* Exercise objective *
Beneath this task are records; print exactly the stretch of them from the line with "(\<forall>x y w." through the line with "using quadlin_iff[OF A.is_vector_space", both ends included.

[Stored data]
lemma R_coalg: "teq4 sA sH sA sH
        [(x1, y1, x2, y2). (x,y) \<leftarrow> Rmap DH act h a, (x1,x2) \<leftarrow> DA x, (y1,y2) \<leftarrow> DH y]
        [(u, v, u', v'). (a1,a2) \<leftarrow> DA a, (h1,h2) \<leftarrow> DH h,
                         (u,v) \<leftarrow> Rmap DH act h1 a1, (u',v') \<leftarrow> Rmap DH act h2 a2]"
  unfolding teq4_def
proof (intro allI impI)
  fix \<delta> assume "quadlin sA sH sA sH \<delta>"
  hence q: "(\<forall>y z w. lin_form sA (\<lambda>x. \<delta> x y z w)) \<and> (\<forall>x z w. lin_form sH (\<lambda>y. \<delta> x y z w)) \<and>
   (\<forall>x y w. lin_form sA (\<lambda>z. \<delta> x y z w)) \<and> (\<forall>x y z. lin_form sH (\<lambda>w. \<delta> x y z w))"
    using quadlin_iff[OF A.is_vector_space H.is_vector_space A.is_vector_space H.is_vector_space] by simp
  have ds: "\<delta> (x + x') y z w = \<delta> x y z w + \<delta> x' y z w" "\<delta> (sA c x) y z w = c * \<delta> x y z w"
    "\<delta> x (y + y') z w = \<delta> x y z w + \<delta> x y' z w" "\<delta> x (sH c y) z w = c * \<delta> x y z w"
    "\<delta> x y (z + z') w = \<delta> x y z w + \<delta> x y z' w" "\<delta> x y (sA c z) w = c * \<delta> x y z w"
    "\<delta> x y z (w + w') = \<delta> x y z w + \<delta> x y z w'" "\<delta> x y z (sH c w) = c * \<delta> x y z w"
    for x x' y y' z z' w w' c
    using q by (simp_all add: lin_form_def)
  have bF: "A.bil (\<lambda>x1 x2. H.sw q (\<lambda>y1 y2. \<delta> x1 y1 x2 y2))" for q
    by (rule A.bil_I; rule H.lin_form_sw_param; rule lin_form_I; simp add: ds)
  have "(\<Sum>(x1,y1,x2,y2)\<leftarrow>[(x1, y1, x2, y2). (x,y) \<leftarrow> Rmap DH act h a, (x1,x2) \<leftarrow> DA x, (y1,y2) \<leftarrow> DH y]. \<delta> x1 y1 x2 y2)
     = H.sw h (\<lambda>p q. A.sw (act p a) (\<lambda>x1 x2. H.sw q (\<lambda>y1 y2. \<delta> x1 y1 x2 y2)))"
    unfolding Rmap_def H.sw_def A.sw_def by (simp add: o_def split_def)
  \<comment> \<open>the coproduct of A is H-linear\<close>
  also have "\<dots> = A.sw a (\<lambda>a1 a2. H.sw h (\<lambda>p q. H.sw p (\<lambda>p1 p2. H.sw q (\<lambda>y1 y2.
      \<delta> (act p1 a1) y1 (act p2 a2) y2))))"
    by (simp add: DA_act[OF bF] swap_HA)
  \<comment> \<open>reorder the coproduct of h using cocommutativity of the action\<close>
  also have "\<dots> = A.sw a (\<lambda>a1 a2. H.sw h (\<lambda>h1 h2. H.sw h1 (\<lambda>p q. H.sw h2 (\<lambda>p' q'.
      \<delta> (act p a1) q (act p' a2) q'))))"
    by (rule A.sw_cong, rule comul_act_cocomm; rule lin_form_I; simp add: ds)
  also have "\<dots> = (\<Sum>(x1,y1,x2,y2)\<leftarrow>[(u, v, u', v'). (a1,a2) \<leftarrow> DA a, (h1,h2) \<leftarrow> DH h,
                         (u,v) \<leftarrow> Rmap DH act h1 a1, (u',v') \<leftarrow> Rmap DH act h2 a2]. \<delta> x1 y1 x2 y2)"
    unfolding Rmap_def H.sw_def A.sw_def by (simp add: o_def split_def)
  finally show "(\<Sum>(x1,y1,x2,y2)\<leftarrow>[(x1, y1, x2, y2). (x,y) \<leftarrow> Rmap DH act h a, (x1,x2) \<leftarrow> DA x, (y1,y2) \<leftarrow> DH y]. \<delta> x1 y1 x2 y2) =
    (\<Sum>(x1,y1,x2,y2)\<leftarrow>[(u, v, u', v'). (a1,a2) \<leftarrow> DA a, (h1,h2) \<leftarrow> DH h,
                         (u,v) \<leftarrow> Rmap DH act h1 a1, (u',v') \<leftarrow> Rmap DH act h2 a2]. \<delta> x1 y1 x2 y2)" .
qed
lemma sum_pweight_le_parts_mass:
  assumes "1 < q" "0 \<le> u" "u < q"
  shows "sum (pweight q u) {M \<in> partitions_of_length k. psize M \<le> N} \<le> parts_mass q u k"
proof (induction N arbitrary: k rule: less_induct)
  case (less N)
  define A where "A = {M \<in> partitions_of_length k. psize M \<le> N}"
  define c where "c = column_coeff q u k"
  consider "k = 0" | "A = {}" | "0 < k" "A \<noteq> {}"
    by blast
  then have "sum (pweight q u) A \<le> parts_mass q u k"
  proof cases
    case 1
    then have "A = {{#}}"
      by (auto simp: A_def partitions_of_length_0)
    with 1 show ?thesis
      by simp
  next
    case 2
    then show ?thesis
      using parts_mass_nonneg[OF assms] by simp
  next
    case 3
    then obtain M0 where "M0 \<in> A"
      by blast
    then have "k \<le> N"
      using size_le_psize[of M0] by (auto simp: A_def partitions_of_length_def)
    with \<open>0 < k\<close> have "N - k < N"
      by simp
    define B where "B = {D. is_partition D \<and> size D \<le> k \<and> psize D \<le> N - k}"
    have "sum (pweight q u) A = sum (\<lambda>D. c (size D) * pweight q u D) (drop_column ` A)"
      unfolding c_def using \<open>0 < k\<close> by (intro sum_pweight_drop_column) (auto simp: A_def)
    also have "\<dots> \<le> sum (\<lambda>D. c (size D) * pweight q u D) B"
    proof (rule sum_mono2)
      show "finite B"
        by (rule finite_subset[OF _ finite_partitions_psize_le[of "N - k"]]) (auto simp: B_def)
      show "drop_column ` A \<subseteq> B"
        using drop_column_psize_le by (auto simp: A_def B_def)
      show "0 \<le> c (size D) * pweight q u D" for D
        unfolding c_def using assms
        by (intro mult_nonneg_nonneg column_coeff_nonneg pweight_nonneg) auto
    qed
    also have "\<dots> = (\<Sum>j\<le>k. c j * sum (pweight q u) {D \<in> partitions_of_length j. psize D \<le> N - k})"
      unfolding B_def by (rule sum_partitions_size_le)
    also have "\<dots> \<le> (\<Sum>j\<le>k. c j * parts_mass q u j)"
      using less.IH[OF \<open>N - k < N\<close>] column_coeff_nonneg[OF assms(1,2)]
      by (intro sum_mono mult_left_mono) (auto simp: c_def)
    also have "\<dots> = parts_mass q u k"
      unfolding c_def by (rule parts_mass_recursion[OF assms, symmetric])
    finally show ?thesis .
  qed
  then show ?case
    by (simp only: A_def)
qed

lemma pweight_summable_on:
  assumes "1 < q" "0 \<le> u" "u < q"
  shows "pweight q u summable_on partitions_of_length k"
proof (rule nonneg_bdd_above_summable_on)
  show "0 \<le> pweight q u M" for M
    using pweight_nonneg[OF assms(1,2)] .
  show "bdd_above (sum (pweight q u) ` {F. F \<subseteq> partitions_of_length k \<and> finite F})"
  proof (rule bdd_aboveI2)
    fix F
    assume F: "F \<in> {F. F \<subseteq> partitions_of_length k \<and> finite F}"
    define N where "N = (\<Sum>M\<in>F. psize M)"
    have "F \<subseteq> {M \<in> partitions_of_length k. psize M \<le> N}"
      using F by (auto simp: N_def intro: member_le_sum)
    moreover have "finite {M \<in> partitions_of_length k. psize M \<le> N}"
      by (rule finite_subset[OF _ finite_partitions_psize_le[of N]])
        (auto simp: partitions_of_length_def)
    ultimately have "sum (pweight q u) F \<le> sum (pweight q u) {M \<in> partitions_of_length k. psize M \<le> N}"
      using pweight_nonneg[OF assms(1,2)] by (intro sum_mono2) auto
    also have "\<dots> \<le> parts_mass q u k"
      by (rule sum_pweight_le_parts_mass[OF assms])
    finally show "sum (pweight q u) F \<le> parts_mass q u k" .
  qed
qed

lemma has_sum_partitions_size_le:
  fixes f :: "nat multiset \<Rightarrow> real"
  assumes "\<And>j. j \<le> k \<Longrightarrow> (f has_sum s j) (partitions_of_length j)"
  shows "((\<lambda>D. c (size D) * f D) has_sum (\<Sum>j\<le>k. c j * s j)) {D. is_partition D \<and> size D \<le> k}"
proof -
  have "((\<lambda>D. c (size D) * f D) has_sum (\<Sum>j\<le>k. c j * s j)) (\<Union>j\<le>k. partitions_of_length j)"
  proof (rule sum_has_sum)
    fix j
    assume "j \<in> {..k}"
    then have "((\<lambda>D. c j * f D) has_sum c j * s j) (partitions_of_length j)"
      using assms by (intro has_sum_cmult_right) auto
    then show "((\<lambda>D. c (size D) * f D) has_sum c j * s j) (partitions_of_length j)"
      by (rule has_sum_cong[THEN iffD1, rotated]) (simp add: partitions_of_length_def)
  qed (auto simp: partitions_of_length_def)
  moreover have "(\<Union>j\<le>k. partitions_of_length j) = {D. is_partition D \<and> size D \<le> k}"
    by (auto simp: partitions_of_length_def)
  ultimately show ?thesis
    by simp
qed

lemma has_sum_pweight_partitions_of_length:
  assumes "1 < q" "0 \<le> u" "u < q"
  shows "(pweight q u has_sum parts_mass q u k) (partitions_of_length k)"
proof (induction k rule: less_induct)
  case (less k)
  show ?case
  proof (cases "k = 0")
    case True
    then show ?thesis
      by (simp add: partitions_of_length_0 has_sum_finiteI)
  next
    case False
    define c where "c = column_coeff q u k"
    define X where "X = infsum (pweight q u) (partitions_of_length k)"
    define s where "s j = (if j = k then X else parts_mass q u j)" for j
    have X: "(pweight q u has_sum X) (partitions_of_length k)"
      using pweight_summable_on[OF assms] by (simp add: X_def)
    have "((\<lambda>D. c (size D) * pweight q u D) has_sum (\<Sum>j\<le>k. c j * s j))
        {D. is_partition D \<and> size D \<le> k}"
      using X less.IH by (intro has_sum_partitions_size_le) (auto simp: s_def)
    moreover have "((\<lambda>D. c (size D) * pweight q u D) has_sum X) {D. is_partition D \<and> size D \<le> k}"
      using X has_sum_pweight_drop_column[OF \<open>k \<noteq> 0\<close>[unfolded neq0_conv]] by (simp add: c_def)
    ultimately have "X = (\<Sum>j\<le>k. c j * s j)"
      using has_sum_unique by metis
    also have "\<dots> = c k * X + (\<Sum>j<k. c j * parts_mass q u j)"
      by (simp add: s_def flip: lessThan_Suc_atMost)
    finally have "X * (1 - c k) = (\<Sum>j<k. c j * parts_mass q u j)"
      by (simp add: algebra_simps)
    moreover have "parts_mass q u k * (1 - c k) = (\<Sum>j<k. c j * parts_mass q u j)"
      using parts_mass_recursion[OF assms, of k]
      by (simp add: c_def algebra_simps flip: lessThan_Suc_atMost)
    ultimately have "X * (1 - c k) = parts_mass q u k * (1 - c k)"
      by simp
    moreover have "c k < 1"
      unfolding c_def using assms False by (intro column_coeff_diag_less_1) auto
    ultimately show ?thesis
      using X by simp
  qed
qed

* Task response *
   (\<forall>x y w. lin_form sA (\<lambda>z. \<delta> x y z w)) \<and> (\<forall>x y z. lin_form sH (\<lambda>w. \<delta> x y z w))"
    using quadlin_iff[OF A.is_vector_space H.is_vector_space A.is_vector_space H.is_vector_space] by simp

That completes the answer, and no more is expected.